# Anyone casted the Toadfish Outfitters 8wt rod?



## ifsteve (Jul 1, 2010)

A. Looks like junk
B. Warranty is terrible
C. What makes you say its a "good company"?
D. Where are their products made? I couldn't find it on their website which makes me guess China.

No thanks. Buy a TFO.


----------



## Copahee Hound (Dec 21, 2017)

A. Looks like junk _Maybe_
B. Warranty is terrible _I'd agree 100%_
C. What makes you say its a "good company"? _They're a local company who focuses on replenishing our oyster reefs. However, I dont know how much they actually give back, but at least it's some_
D. Where are their products made? I couldn't find it on their website which makes me guess China. _Isn't everything made in China?

No thanks. Buy a TFO. Waiting on Haddrell's to get some Lamson rods in before I pull the trigger on a Mangrove_

Thanks @ifsteve


----------



## ifsteve (Jul 1, 2010)

Copahee Hound said:


> A. Looks like junk _Maybe I didn't say it is junk just that it looks like junk and it definitely looks like junk..lol_
> B. Warranty is terrible _I'd agree 100% _
> C. What makes you say its a "good company"? _They're a local company who focuses on replenishing our oyster reefs. However, I dont know how much they actually give back, but at least it's some_
> D. Where are their products made? I couldn't find it on their website which makes me guess China. _Isn't everything made in China? NO definitely not but I get your point
> ...


Your welcome although not sure I said anything you didn't already know....lol.


----------



## ifsteve (Jul 1, 2010)

jackson man said:


> TFO rods are manufactured in So. Korea. I know So. Korea is no China, but also not Made in the USA like say a St. Croix (most rods manufactured in Wisconsin with some made in Mexico).


1. South Korea has a much better quality assurance in use then China.
2. South Korea is an ally not our #1 advesary.
3. South Korea is not the #1 air polluter on the planet.

But I agree, buy USA!


----------



## GG34 (May 2, 2014)

I just got into building my own rods and I don't know how anything could be under $200 without having junk components. Not saying anything about these rods because I didn't open the link. My eyes have been open on cost recently. I knew TFO did a good job. Must be bulk.


----------



## flysalt060 (Aug 5, 2012)

Toadflys first products were a shrimp deveining tool and oyster knives. Then came the cozzie that really does stick, I have tested it many times. Every product they sell, helps replant 10sq feet of oysters in sc. the first products are good quailty, not sure about this $200 fly rod.


----------



## coconutgroves (Sep 23, 2013)

Just got their cup holders, filet knife and folding cutting board.
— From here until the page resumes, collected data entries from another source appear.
lemma orthonormal_completion:
  fixes u :: "real vec"
  assumes u: "u \<in> carrier_vec n" and uu: "u \<bullet> u = 1"
  shows "\<exists>U. orthonormal_mat n U \<and> col U 0 = u"
proof -
  interpret cof_vec_space n "TYPE(real)" .
  have u0: "u \<noteq> 0\<^sub>v n" using uu u by auto
  have n: "0 < n"
  proof (rule ccontr)
    assume "\<not> 0 < n"
    then have "u = 0\<^sub>v n" using u by (intro eq_vecI) auto
    with u0 show False ..
  qed
  define b where "b = basis_completion u"
  note b = basis_completion[OF u u0, folded b_def]
  obtain vs where bv: "b = u # vs" using b n by (cases b) auto
  define ws where "ws = gram_schmidt n b"
  have ws: "set ws \<subseteq> carrier_vec n" "corthogonal ws" "length ws = n"
    using gram_schmidt_result[OF b(2,4,5) ws_def] b by auto
  have ws_in: "ws ! i \<in> carrier_vec n" if "i < n" for i using ws that by auto
  have ws0: "ws ! 0 = u" using gram_schmidt_hd[OF u] ws(3) n unfolding ws_def bv
    by (metis hd_conv_nth list.size(3) not_less0)
  have ws_ortho: "ws ! i \<bullet> ws ! j = 0" if "i < n" "j < n" "i \<noteq> j" for i j
    using corthogonalD[OF ws(2), of i j] that ws(3) by simp
  have ws_pos: "0 < ws ! i \<bullet> ws ! i" if "i < n" for i
  proof -
    have "ws ! i \<noteq> 0\<^sub>v n" using corthogonalD[OF ws(2), of i i] that ws(3) ws_in[OF that] by auto
    then show ?thesis using conjugate_square_greater_0_vec[OF ws_in[OF that]] by simp
  qed
  define us where "us = map (\<lambda>w. (1 / sqrt (w \<bullet> w)) \<cdot>\<^sub>v w) ws"
  have us_nth: "us ! i = (1 / sqrt (ws ! i \<bullet> ws ! i)) \<cdot>\<^sub>v ws ! i" if "i < n" for i
    unfolding us_def using that ws(3) by simp
  have us: "set us \<subseteq> carrier_vec n" "length us = n" using ws by (auto simp: us_def)
  have "us ! i \<bullet> us ! j = (if i = j then 1 else 0)" if i: "i < n" and j: "j < n" for i j
  proof -
    have "us ! i \<bullet> us ! j = 1 / sqrt (ws ! i \<bullet> ws ! i) * (1 / sqrt (ws ! j \<bullet> ws ! j)) * (ws ! i \<bullet> ws ! j)"
      unfolding us_nth[OF i] us_nth[OF j] using ws_in[OF i] ws_in[OF j] by simp
    then show ?thesis using ws_ortho[OF i j] ws_pos[OF i] by (auto simp flip: power2_eq_square)
  qed
  moreover have "col (mat_of_cols n us) 0 = u"
    using n us us_nth[OF n] ws0 uu by (subst col_mat_of_cols) auto
  ultimately show ?thesis using orthonormal_mat_of_cols[OF us] by blast
qed

lemma symmetric_deflation:
  fixes A U :: "real mat"
  assumes A: "A \<in> carrier_mat (Suc m) (Suc m)" and sym: "transpose_mat A = A"
    and U: "orthonormal_mat (Suc m) U" and eig: "A *\<^sub>v col U 0 = e \<cdot>\<^sub>v col U 0"
  shows "\<exists>A3 \<in> carrier_mat m m. transpose_mat A3 = A3 \<and>
           transpose_mat U * A * U = four_block_mat (mat 1 1 (\<lambda>_. e)) (0\<^sub>m 1 m) (0\<^sub>m m 1) A3"
proof -
  have U_carrier: "U \<in> carrier_mat (Suc m) (Suc m)" using U by (simp add: orthonormal_mat_def)
  define A' where "A' = transpose_mat U * A * U"
  have A': "A' \<in> carrier_mat (Suc m) (Suc m)" unfolding A'_def using U_carrier A by auto
  have sym': "transpose_mat A' = A'" unfolding A'_def using U_carrier A sym
    by (simp add: transpose_mult[of _ "Suc m" "Suc m" _ "Suc m"] assoc_mult_mat[of _ "Suc m" "Suc m" _ "Suc m" _ "Suc m"])
  have col0: "A' $$ (i, 0) = (if i = 0 then e else 0)" if i: "i < Suc m" for i
  proof -
    have "col (A * U) 0 = A *\<^sub>v col U 0" using A U_carrier by (intro col_mult2) auto
    then have "A' $$ (i, 0) = col U i \<bullet> (A *\<^sub>v col U 0)"
      unfolding A'_def using U_carrier A i by (simp add: assoc_mult_mat[of _ "Suc m" "Suc m" _ "Suc m" _ "Suc m"])
    also have "\<dots> = e * (transpose_mat U * U) $$ (i, 0)" unfolding eig using U_carrier i by simp
    finally show ?thesis using U i by (simp add: orthonormal_mat_def)
  qed
  define A3 where "A3 = mat m m (\<lambda>(i, j). A' $$ (Suc i, Suc j))"
  have "transpose_mat A3 = A3"
  proof (rule eq_matI)
    fix i j assume "i < dim_row A3" "j < dim_col A3"
    then show "transpose_mat A3 $$ (i, j) = A3 $$ (i, j)"
      using arg_cong[OF sym', of "\<lambda>M. M $$ (Suc j, Suc i)"] A' by (simp add: A3_def)
  qed (simp_all add: A3_def)
  moreover have "A' = four_block_mat (mat 1 1 (\<lambda>_. e)) (0\<^sub>m 1 m) (0\<^sub>m m 1) A3"
  proof (rule eq_matI)
    fix i j assume "i < dim_row (four_block_mat (mat 1 1 (\<lambda>_. e)) (0\<^sub>m 1 m) (0\<^sub>m m 1) A3)"
      "j < dim_col (four_block_mat (mat 1 1 (\<lambda>_. e)) (0\<^sub>m 1 m) (0\<^sub>m m 1) A3)"
    then have ij: "i < Suc m" "j < Suc m" by (auto simp: A3_def)
    have row0: "A' $$ (0, j) = (if j = 0 then e else 0)"
      using col0[OF ij(2)] sym' A' ij by (metis carrier_matD index_transpose_mat(1) zero_less_Suc)
    show "A' $$ (i, j) = four_block_mat (mat 1 1 (\<lambda>_. e)) (0\<^sub>m 1 m) (0\<^sub>m m 1) A3 $$ (i, j)"
      using ij col0 row0 by (cases i; cases j) (auto simp: A3_def)
  qed (use A' in \<open>auto simp: A3_def\<close>)
  ultimately show ?thesis unfolding A'_def A3_def by auto
qed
Pretty good quality. Can't speak for their rods, however. But, you mentioned the TFO Mangrove - that is a great rod for the price and easy to cast.


----------



## BrownDog (Jun 22, 2019)

I would imagine the fly rod world is tough to crack into, especially without bringing anything but a marketing angle into it (no technology).

I have handled one at haddrells here in town, grip was interesting and the most noticeable feature. The rod it self seemed like a regular medium action rod (not that there is anything wrong with that) but I did not cast it.


----------